Top of Material provided

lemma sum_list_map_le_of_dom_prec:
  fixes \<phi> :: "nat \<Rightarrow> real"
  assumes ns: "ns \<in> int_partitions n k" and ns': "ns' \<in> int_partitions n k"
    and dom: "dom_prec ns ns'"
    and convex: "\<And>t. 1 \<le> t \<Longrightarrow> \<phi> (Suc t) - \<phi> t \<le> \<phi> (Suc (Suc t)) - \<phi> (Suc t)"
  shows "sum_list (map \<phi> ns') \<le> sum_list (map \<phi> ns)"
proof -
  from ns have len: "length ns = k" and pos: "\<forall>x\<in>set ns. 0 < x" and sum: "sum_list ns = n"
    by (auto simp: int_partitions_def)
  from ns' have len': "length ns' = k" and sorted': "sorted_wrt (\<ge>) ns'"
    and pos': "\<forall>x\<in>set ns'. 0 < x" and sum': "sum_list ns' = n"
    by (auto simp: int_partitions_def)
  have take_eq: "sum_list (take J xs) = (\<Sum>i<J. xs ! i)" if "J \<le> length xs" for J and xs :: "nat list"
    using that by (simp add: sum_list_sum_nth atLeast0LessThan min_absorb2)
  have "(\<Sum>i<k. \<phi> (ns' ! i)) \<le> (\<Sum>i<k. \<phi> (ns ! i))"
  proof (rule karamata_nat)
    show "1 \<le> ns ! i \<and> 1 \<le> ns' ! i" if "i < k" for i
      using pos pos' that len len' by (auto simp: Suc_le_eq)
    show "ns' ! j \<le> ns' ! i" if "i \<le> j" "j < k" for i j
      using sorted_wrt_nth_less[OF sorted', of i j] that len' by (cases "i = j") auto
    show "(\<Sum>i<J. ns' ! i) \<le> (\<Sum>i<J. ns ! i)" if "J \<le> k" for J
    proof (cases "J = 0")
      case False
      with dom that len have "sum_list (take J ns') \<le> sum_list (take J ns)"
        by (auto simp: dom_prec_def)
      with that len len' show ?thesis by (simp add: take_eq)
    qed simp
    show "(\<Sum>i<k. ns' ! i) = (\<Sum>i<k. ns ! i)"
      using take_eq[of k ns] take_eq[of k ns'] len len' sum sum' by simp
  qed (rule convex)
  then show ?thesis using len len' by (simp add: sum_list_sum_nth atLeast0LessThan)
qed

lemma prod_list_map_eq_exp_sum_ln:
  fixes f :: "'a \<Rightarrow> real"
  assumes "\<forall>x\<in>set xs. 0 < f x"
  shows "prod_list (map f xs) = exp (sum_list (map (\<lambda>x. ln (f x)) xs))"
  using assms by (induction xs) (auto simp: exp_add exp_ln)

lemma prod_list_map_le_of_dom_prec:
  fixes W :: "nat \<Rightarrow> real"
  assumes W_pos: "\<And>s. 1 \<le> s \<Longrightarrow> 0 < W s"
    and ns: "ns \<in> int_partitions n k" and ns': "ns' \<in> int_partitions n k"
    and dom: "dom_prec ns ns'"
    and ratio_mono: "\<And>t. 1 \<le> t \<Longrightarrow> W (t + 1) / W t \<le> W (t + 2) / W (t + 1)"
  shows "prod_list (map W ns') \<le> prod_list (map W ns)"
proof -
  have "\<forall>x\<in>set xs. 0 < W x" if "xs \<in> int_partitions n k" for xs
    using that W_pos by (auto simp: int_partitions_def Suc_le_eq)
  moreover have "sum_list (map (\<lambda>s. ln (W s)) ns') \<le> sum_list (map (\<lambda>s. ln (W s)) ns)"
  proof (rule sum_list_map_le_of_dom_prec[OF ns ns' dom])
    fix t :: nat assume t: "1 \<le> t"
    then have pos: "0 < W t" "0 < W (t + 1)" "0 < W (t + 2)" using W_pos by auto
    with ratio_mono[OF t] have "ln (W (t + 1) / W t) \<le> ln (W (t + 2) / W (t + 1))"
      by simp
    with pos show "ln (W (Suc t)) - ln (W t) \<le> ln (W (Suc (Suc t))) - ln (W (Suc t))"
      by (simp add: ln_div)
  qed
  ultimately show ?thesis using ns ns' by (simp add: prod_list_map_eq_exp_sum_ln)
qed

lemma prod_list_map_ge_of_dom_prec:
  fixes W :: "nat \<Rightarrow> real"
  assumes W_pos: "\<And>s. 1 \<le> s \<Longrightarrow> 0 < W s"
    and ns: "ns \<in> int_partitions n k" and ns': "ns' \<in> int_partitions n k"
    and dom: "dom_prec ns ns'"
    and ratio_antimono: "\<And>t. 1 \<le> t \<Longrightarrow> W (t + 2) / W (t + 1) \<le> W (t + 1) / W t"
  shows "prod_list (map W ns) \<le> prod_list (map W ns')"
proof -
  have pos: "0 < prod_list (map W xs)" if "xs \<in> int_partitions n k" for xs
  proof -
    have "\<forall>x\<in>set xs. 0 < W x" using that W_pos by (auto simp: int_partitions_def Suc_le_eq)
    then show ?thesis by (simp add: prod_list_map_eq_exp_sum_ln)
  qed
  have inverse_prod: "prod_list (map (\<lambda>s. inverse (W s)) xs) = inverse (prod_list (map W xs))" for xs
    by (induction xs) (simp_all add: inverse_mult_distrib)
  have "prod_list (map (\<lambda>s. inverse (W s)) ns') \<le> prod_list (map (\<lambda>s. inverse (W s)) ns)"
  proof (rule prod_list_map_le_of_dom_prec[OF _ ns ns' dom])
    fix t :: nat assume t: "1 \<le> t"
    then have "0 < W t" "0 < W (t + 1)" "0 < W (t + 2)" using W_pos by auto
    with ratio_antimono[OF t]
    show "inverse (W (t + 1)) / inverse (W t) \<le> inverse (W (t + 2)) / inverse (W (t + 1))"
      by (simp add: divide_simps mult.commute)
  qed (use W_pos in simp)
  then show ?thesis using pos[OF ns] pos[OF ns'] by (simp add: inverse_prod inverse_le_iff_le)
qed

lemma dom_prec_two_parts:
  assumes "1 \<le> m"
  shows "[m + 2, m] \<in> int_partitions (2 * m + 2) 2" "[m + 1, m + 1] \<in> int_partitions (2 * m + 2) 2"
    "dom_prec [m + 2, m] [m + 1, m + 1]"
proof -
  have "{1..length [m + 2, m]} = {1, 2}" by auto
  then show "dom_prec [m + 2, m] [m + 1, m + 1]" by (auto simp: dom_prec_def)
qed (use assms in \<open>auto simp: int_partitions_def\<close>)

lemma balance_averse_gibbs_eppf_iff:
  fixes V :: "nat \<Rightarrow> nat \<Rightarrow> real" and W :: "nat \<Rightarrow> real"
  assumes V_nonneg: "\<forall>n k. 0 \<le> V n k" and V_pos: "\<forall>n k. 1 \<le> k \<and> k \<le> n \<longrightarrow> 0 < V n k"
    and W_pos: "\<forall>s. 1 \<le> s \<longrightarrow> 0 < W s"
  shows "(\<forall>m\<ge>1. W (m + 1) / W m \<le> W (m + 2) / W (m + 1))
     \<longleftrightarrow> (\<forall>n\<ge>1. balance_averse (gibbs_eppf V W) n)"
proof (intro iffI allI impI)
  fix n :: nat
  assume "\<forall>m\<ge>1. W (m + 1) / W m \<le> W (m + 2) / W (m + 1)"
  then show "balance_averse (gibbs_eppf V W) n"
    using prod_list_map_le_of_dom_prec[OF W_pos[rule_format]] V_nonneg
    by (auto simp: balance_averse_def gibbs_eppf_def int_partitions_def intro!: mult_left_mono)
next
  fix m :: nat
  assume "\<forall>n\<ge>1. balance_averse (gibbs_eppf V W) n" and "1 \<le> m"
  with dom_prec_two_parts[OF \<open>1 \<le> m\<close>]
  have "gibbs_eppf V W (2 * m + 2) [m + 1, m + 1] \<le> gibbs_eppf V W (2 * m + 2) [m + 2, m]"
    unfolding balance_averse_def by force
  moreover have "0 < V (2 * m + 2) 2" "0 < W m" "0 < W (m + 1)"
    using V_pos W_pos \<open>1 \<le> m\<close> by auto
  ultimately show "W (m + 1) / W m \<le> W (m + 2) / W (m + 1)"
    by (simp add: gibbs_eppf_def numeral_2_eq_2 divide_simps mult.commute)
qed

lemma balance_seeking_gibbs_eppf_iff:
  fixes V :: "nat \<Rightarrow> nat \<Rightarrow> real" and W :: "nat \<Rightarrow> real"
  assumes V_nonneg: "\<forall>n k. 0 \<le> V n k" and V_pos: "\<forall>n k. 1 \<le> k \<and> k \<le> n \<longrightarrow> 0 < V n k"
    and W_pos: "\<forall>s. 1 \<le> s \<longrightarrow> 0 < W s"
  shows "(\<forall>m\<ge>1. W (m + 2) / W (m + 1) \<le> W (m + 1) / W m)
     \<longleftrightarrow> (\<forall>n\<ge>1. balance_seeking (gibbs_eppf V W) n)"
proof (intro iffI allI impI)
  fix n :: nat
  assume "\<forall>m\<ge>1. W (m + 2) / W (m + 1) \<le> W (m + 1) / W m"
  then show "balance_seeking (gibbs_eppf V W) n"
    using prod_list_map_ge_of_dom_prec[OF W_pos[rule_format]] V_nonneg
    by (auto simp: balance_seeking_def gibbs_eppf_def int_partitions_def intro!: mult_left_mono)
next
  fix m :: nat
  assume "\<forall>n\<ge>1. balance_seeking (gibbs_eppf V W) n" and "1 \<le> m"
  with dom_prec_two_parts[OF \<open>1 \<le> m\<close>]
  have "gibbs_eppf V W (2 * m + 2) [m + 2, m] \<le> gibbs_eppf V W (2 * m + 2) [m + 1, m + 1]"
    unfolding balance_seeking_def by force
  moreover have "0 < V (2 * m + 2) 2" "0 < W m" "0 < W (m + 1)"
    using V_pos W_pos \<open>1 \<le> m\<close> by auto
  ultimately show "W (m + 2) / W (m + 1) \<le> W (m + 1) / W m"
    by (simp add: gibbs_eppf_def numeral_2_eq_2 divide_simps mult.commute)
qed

Bottom of Material provided

Work instructions
Copy out, in full, each line above that has the word "force" in it.

Answer box
    unfolding balance_averse_def by force
    unfolding balance_seeking_def by force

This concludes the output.